• _Dataset excerpts_:
_ _ _

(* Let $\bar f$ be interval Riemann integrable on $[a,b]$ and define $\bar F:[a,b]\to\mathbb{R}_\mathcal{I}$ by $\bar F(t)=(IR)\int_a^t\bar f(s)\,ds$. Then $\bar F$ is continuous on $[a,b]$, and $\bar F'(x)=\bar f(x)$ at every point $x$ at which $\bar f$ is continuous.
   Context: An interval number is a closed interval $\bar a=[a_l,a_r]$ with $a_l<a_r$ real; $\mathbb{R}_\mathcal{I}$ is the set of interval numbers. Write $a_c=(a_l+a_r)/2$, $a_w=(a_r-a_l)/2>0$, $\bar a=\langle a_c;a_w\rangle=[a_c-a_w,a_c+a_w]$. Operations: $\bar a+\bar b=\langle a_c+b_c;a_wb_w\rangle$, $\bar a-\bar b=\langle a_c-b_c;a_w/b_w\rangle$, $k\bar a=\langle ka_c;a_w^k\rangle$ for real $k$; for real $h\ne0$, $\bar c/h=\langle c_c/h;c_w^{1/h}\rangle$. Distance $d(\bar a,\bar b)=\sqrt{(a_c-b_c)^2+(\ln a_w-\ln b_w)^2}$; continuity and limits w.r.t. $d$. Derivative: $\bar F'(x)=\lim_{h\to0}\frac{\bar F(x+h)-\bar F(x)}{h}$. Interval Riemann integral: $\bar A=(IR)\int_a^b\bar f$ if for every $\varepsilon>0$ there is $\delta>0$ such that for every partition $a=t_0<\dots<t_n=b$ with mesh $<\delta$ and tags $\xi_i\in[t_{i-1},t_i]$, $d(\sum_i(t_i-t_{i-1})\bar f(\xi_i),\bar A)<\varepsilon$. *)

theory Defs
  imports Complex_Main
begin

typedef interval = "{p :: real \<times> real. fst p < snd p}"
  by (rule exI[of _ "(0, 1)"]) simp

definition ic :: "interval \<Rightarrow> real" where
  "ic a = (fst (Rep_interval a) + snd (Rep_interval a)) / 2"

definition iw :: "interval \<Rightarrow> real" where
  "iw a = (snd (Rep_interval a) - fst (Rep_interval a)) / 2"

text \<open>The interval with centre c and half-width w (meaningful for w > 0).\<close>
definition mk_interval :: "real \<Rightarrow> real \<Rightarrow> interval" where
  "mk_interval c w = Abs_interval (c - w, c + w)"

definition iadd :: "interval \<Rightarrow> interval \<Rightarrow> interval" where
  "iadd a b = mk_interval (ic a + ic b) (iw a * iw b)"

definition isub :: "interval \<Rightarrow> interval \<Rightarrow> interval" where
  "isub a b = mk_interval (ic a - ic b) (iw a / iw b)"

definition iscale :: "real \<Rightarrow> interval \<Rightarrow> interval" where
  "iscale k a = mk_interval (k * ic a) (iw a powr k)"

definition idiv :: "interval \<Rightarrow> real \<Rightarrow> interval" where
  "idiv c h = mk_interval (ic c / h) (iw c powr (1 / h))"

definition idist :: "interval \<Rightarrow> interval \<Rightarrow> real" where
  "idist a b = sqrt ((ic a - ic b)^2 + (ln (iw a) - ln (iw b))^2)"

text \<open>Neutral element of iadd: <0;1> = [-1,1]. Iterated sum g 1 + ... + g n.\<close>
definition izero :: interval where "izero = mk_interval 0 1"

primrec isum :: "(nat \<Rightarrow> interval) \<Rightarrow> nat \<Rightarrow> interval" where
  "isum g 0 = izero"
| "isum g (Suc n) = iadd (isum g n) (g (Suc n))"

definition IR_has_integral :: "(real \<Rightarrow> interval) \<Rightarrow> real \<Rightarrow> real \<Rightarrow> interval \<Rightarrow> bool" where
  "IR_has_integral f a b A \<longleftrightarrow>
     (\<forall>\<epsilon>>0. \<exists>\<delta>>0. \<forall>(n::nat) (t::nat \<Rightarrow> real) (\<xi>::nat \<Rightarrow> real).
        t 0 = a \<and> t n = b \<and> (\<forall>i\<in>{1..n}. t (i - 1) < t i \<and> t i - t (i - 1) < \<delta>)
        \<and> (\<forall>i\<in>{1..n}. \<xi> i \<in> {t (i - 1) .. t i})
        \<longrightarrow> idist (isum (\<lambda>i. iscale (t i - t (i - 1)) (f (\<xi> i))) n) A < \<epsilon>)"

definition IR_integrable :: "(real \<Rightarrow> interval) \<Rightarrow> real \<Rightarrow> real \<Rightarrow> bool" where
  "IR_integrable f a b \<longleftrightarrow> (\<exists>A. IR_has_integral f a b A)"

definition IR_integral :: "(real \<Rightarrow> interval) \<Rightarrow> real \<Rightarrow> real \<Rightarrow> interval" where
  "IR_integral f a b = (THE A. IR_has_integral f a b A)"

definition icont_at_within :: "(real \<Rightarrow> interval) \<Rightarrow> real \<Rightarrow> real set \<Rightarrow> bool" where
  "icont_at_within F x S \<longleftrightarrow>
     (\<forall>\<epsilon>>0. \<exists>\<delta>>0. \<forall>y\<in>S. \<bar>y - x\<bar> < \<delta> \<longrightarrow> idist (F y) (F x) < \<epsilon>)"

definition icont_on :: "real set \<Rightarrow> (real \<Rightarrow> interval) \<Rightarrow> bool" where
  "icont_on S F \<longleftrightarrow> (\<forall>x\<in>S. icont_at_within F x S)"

_ _ _

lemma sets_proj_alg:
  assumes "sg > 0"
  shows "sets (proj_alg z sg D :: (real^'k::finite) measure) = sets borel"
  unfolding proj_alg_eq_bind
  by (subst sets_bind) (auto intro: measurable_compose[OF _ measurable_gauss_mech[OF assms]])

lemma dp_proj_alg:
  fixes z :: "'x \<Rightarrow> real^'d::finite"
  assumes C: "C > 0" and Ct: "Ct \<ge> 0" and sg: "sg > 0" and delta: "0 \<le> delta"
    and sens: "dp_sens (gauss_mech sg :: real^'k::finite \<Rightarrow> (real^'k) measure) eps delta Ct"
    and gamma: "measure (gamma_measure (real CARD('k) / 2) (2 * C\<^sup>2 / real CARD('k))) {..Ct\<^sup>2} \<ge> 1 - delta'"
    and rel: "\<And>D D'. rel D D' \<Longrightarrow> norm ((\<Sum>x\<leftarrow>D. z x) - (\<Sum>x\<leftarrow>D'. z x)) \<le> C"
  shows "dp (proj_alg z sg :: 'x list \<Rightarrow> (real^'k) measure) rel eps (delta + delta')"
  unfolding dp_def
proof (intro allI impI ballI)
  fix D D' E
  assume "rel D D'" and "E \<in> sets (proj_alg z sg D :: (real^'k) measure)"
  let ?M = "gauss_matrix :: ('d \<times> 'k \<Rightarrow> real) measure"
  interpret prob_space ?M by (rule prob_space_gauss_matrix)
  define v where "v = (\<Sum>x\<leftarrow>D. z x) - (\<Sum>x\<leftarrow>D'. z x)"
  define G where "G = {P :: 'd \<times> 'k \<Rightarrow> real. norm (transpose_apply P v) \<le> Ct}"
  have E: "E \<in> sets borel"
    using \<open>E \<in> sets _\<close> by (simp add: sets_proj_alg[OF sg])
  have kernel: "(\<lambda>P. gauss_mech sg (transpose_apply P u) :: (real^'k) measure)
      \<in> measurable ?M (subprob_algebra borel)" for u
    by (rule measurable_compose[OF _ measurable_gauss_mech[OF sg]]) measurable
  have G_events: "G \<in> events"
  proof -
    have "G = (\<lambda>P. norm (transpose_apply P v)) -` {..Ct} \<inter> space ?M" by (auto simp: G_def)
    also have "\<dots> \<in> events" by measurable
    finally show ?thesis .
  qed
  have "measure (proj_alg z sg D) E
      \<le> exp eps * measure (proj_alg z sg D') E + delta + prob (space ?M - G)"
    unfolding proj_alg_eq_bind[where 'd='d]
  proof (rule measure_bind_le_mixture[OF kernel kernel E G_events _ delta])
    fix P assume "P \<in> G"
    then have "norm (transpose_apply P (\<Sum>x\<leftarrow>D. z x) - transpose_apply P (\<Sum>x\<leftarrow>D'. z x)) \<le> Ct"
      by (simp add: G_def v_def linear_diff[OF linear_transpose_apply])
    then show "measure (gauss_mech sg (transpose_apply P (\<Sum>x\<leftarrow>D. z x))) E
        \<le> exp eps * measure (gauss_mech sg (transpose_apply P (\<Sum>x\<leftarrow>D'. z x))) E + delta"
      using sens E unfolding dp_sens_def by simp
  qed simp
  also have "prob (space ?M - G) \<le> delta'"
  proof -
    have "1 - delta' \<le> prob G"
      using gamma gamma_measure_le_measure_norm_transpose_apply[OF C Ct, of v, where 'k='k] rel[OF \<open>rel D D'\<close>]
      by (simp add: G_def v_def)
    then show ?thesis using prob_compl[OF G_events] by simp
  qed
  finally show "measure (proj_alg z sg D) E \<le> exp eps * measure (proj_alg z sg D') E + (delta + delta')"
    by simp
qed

_ _ _

• _Problem to work on_: The entries above hold a line with "sg :: real^'k::finite" and a later line with "proof (intro allI impI ballI)". Write out exactly those lines and all lines between, nothing more.

• _Solution to this problem_:
    and sens: "dp_sens (gauss_mech sg :: real^'k::finite \<Rightarrow> (real^'k) measure) eps delta Ct"
    and gamma: "measure (gamma_measure (real CARD('k) / 2) (2 * C\<^sup>2 / real CARD('k))) {..Ct\<^sup>2} \<ge> 1 - delta'"
    and rel: "\<And>D D'. rel D D' \<Longrightarrow> norm ((\<Sum>x\<leftarrow>D. z x) - (\<Sum>x\<leftarrow>D'. z x)) \<le> C"
  shows "dp (proj_alg z sg :: 'x list \<Rightarrow> (real^'k) measure) rel eps (delta + delta')"
  unfolding dp_def
proof (intro allI impI ballI)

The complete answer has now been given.